Computing Certificates of Strictly Positive Polynomials in Archimedean Quadratic Modules
Weifeng Shang, Jose Abel Castellanos Joo, Chenqi Mou, Deepak Kapur
TL;DR
This work develops a constructive framework for certifying positivity of polynomials within Archimedean quadratic modules by marrying Averkov's positivity transfer with Lasserre's sum-of-squares approximation. It extends these ideas to monogenic modules and arbitrary subsets, provides a constructive Putinar-style proof, and integrates the methods into a practical algorithmic workflow. Extensive experiments show certificates can be obtained in cases where existing tools struggle, often without explicitly adding Archimedean generators. The results advance both the theoretical understanding and practical computation of Positivstellensatz certificates with potential impact on real algebraic geometry and optimization.
Abstract
New results on computing certificates of strictly positive polynomials in Archimedean quadratic modules are presented. The results build upon (i) Averkov's method for generating a strictly positive polynomial for which a membership certificate can be more easily computed than the input polynomial whose certificate is being sought, and (ii) Lasserre's method for generating a certificate by successively approximating a nonnegative polynomial by sums of squares.
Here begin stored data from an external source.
lemma fill_table_hoare:
  assumes "1 \<le> n"
  shows "hoare (\<lambda>m k. m = scratch_mem \<and> k = c) (fill_table mksp)
    (\<lambda>m k. after_dp m \<and> k \<le> c + fill_cost)"
proof -
  have relocate: "hoare (\<lambda>m k. m = scratch_mem \<and> k = c) relocate_input
      (\<lambda>m k. relocated m \<and> k \<le> c + 72)"
    by (rule hoare_wpI) (auto intro: wp_mono[OF relocate_input_wp[OF _ assms]])
  have init: "hoare (\<lambda>m k. relocated m \<and> k \<le> c + 72) init_regs
      (\<lambda>m k. (regs_ok m \<and> input_saved m \<and> flags_clear m) \<and> k \<le> c + 72 + 4)"
  proof (rule hoare_wpI)
    fix m k assume h: "relocated m \<and> k \<le> c + 72"
    have "m (-1) = int n" using h initial_mem_0[of J] unfolding relocated_def by force
    moreover have "input_saved m" "flags_clear m"
      using h cell_le_22 unfolding relocated_def input_saved_def flags_clear_def by auto
    ultimately show "wp init_regs
        (\<lambda>m k. (regs_ok m \<and> input_saved m \<and> flags_clear m) \<and> k \<le> c + 72 + 4) m k"
      unfolding init_regs_def using h by (simp add: regs_ok_def)
  qed
  have load: "\<And>k0. hoare (\<lambda>m k. (regs_ok m \<and> input_saved m \<and> flags_clear m) \<and> k = k0) load_jobs
      (\<lambda>m k. (regs_ok m \<and> flags_clear m \<and> jobs_loaded n m) \<and> k \<le> k0 + (5 + 26 * n))"
    by (rule hoare_conseq[OF load_jobs_hoare]) auto
  have K: "\<And>k0. hoare (\<lambda>m k. (regs_ok m \<and> flags_clear m \<and> jobs_loaded n m) \<and> k = k0) compute_K
      (\<lambda>m k. (regs_ok m \<and> jobs_loaded n m \<and> flags_clear m \<and> m 9 = int KK) \<and> k \<le> k0 + (5 + 8 * n))"
    by (rule hoare_conseq[OF compute_K_hoare]) auto
  have dp: "\<And>k0. hoare (\<lambda>m k. (regs_ok m \<and> jobs_loaded n m \<and> flags_clear m \<and> m 9 = int KK) \<and> k = k0)
      (dp_loop mksp) (\<lambda>m k. after_dp m \<and> k \<le> k0 + (3 + (KK + 1) * (32 * n + 40)))"
    by (rule hoare_conseq[OF dp_loop_hoare]) (auto simp: dp_post_def after_dp_def)
  have "hoare (\<lambda>m k. m = scratch_mem \<and> k = c) (fill_table mksp)
      (\<lambda>m k. after_dp m \<and>
         k \<le> c + 72 + 4 + (5 + 26 * n) + (5 + 8 * n) + (3 + (KK + 1) * (32 * n + 40)))"
    unfolding fill_table_def
    by (intro hoare_seq_list_Cons[OF relocate] hoare_seq_list_Cons[OF init]
        hoare_seq_list_Cons[OF hoare_cost_shift[OF load]]
        hoare_seq_list_Cons[OF hoare_cost_shift[OF K]]
        hoare_seq_list_single[OF hoare_cost_shift[OF dp]])
  then show ?thesis unfolding fill_cost_def by (rule hoare_conseq) auto
qed

definition outputs_dp_schedule :: "mem \<Rightarrow> bool" where
  "outputs_dp_schedule m \<longleftrightarrow>
     (\<exists>V C. lbp_table J mksp V C \<and> (\<forall>i<n. output_schedule m i = dp_table.dp_schedule J C i))"

lemma main_prog_hoare:
  assumes "1 \<le> n"
  shows "hoare (\<lambda>m k. m = scratch_mem \<and> k = c) (main_prog mksp)
    (\<lambda>m k. outputs_dp_schedule m \<and> k \<le> c + fill_cost + read_cost)"
  unfolding main_prog_def
proof (rule hoare_seq[OF fill_table_hoare[OF assms]], rule hoare_pointwise)
  fix M k0 assume h: "after_dp M \<and> k0 \<le> c + fill_cost"
  then interpret T: lbp_table J mksp "column M 5" "column M 6"
    using lbp_table_after_dp by blast
  show "hoare (\<lambda>m k. m = M \<and> k = k0) read_table
      (\<lambda>m k. outputs_dp_schedule m \<and> k \<le> c + fill_cost + read_cost)"
    by (rule hoare_conseq[OF T.read_table_hoare])
      (use h T.lbp_table_axioms in \<open>auto simp: after_dp_def outputs_dp_schedule_def\<close>)
qed

lemma lbp_prog_hoare:
  "hoare (\<lambda>m k. m = m0 \<and> k = 0) (lbp_prog mksp)
     (\<lambda>m k. (n = 0 \<or> outputs_dp_schedule m) \<and> k \<le> 27 + fill_cost + read_cost)"
  unfolding lbp_prog_def
proof (rule hoare_seq[where R = "\<lambda>m k. m = scratch_mem \<and> k = 25"])
  show "hoare (\<lambda>m k. m = m0 \<and> k = 0) scratch_setup (\<lambda>m k. m = scratch_mem \<and> k = 25)"
    by (rule hoare_wpI) (use initial_mem_0[of J] in \<open>simp add: scratch_setup_def algebra_simps\<close>)
  have empty_iff: "scratch_mem 0 \<le> scratch_mem 1 \<longleftrightarrow> n = 0"
  proof
    assume "scratch_mem 0 \<le> scratch_mem 1"
    then have "24 * int n \<le> - m0 1" using initial_mem_0[of J] by simp
    then have "int n \<le> 0" using initial_mem_nonneg[of J 1] by linarith
    then show "n = 0" by simp
  qed (simp add: initial_mem_def)
  show "hoare (\<lambda>m k. m = scratch_mem \<and> k = 25) (IfLe 0 1 Skip (main_prog mksp))
      (\<lambda>m k. (n = 0 \<or> outputs_dp_schedule m) \<and> k \<le> 27 + fill_cost + read_cost)"
  proof (rule hoare_if)
    show "hoare (\<lambda>m k. (m = scratch_mem \<and> k = 25) \<and> m (int 0) \<le> m (int 1)) Skip
        (\<lambda>m k. (n = 0 \<or> outputs_dp_schedule m) \<and> k + 1 \<le> 27 + fill_cost + read_cost)"
      by (rule hoare_wpI) (use empty_iff in auto)
    show "hoare (\<lambda>m k. (m = scratch_mem \<and> k = 25) \<and> \<not> m (int 0) \<le> m (int 1)) (main_prog mksp)
        (\<lambda>m k. (n = 0 \<or> outputs_dp_schedule m) \<and> k + 2 \<le> 27 + fill_cost + read_cost)"
    proof (cases "n = 0")
      case True
      then show ?thesis using empty_iff unfolding hoare_def by simp
    next
      case False
      then have "1 \<le> n" by (simp add: Suc_le_eq)
      then show ?thesis by (intro hoare_conseq[OF main_prog_hoare[of 25]]) auto
    qed
  qed
qed

end

lemma running_time_bound:
  fixes n K :: nat
  assumes "K = 0 \<or> 1 \<le> n"
  shows "166 + 46 * n + 30 * K + (K + 1) * (32 * n + 40) \<le>
    1000 * (n * max K 1 * max n (max K 1)) + 1000"
proof (cases "n = 0")
  case False
  let ?K = "max K 1"
  have n1: "1 \<le> n" using False by simp
  have K1: "1 \<le> ?K" "K \<le> ?K" by auto
  have a: "(K + 1) * (32 * n + 40) \<le> (2 * ?K) * (72 * n)"
    by (rule mult_mono) (use n1 K1 in auto)
  have b: "n * ?K \<le> n * ?K * max n ?K"
    using K1 by (metis max.cobounded2 mult.right_neutral mult_le_mono2 order.trans)
  have c: "n \<le> n * ?K" "K \<le> n * ?K" using n1 K1
    by (metis mult.commute mult_le_mono2 nat_mult_1_right order.trans,
      metis mult_le_mono1 mult_1 order.trans)
  have "(2 * ?K) * (72 * n) = 144 * (n * ?K)" by simp
  then show ?thesis using a b c by linarith
qed (use assms in simp)

lemma lbp_optimal_Nil: "lbp_optimal (lbp_objective obj) [] S"
  unfolding lbp_optimal_def feasible_def valid_schedule_def processing_def lbp_objective_def
    total_work_def weighted_completed_def makespan_def executed_def
  by simp

lemma lbp_prog_correct:
  assumes obj: "obj \<in> {1, 2, 3::nat}" and restricted: "\<forall>j\<in>set J. lbp_restricted j"
  defines "P \<equiv> compile 0 (lbp_prog (obj = 3))"
  shows "\<exists>k \<le> 1000 * (length J * max (lbp_K J) 1 * max (length J) (max (lbp_K J) 1)) + 1000.
    ram_halted P ((ram_step P ^^ k) (0, initial_mem J)) \<and>
    lbp_optimal (lbp_objective obj) J
      (output_schedule (snd ((ram_step P ^^ k) (0, initial_mem J))))"
proof -
  interpret lbp_run J "obj = 3" using restricted by unfold_locales
  obtain k m where run: "(ram_step P ^^ k) (0, m0) = (cmd_length (lbp_prog (obj = 3)), m)"
    and out: "n = 0 \<or> outputs_dp_schedule m" and steps: "k \<le> 27 + fill_cost + read_cost"
    using hoare_compile_run[OF lbp_prog_hoare] unfolding P_def by auto
  have "KK = 0 \<or> 1 \<le> n" unfolding KK_def lbp_K_def by (cases J) auto
  then have "k \<le> 1000 * (n * max KK 1 * max n (max KK 1)) + 1000"
    using steps running_time_bound[of KK n] unfolding fill_cost_def read_cost_def by simp
  moreover have "ram_halted P ((ram_step P ^^ k) (0, m0))"
    using run unfolding ram_halted_def P_def by simp
  moreover have "lbp_optimal (lbp_objective obj) J (output_schedule m)"
  proof (cases "n = 0")
    case False
    then obtain V C where table: "lbp_table J (obj = 3) V C"
      and agree: "\<forall>i<n. output_schedule m i = dp_table.dp_schedule J C i"
      using out unfolding outputs_dp_schedule_def by blast
    interpret lbp_table J "obj = 3" V C by (rule table)
    show ?thesis using lbp_optimal_cong[OF dp_schedule_optimal[OF obj refl]] agree by blast
  qed (simp add: lbp_optimal_Nil)
  ultimately show ?thesis unfolding KK_def using run by auto
qed

theorem theorem4:
  shows "\<forall>obj\<in>{1, 2, 3::nat}. \<exists>(P::instr list) (C::nat). \<forall>J::job list.
     (\<forall>j\<in>set J. lbp_restricted j) \<longrightarrow>
     (let n = length J; K = max (lbp_K J) 1 in
        \<exists>k \<le> C * (n * K * max n K) + C.
          ram_halted P ((ram_step P ^^ k) (0, initial_mem J)) \<and>
          lbp_optimal (lbp_objective obj) J
            (output_schedule (snd ((ram_step P ^^ k) (0, initial_mem J)))))"
proof (intro ballI exI allI impI)
  fix obj :: nat and J :: "job list"
  assume "obj \<in> {1, 2, 3}" "\<forall>j\<in>set J. lbp_restricted j"
  then show "let n = length J; K = max (lbp_K J) 1 in
      \<exists>k \<le> 1000 * (n * K * max n K) + 1000.
        ram_halted (compile 0 (lbp_prog (obj = 3)))
          ((ram_step (compile 0 (lbp_prog (obj = 3))) ^^ k) (0, initial_mem J)) \<and>
        lbp_optimal (lbp_objective obj) J (output_schedule
          (snd ((ram_step (compile 0 (lbp_prog (obj = 3))) ^^ k) (0, initial_mem J))))"
    unfolding Let_def by (rule lbp_prog_correct)
qed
First, a fully constructive method based on Averkov's result is given by providing details about the parameters; further, his result is extended to work on arbitrary subsets, in particular, the whole Euclidean space $\mathbb{R}^n$, producing globally strictly positive polynomials. Second, Lasserre's method is integrated with the extended Averkov construction to generate certificates. Third, the methods have been implemented and their effectiveness is illustrated. Examples are given on which the existing software package RealCertify appears to struggle, whereas the proposed method succeeds in generating certificates. Several situations are identified where an Archimedean polynomial does not have to be explicitly included in a set of generators of an Archimedean quadratic module. Unlike other approaches for addressing the problem of computing certificates, the methods/approach presented is easier to understand as well as implement.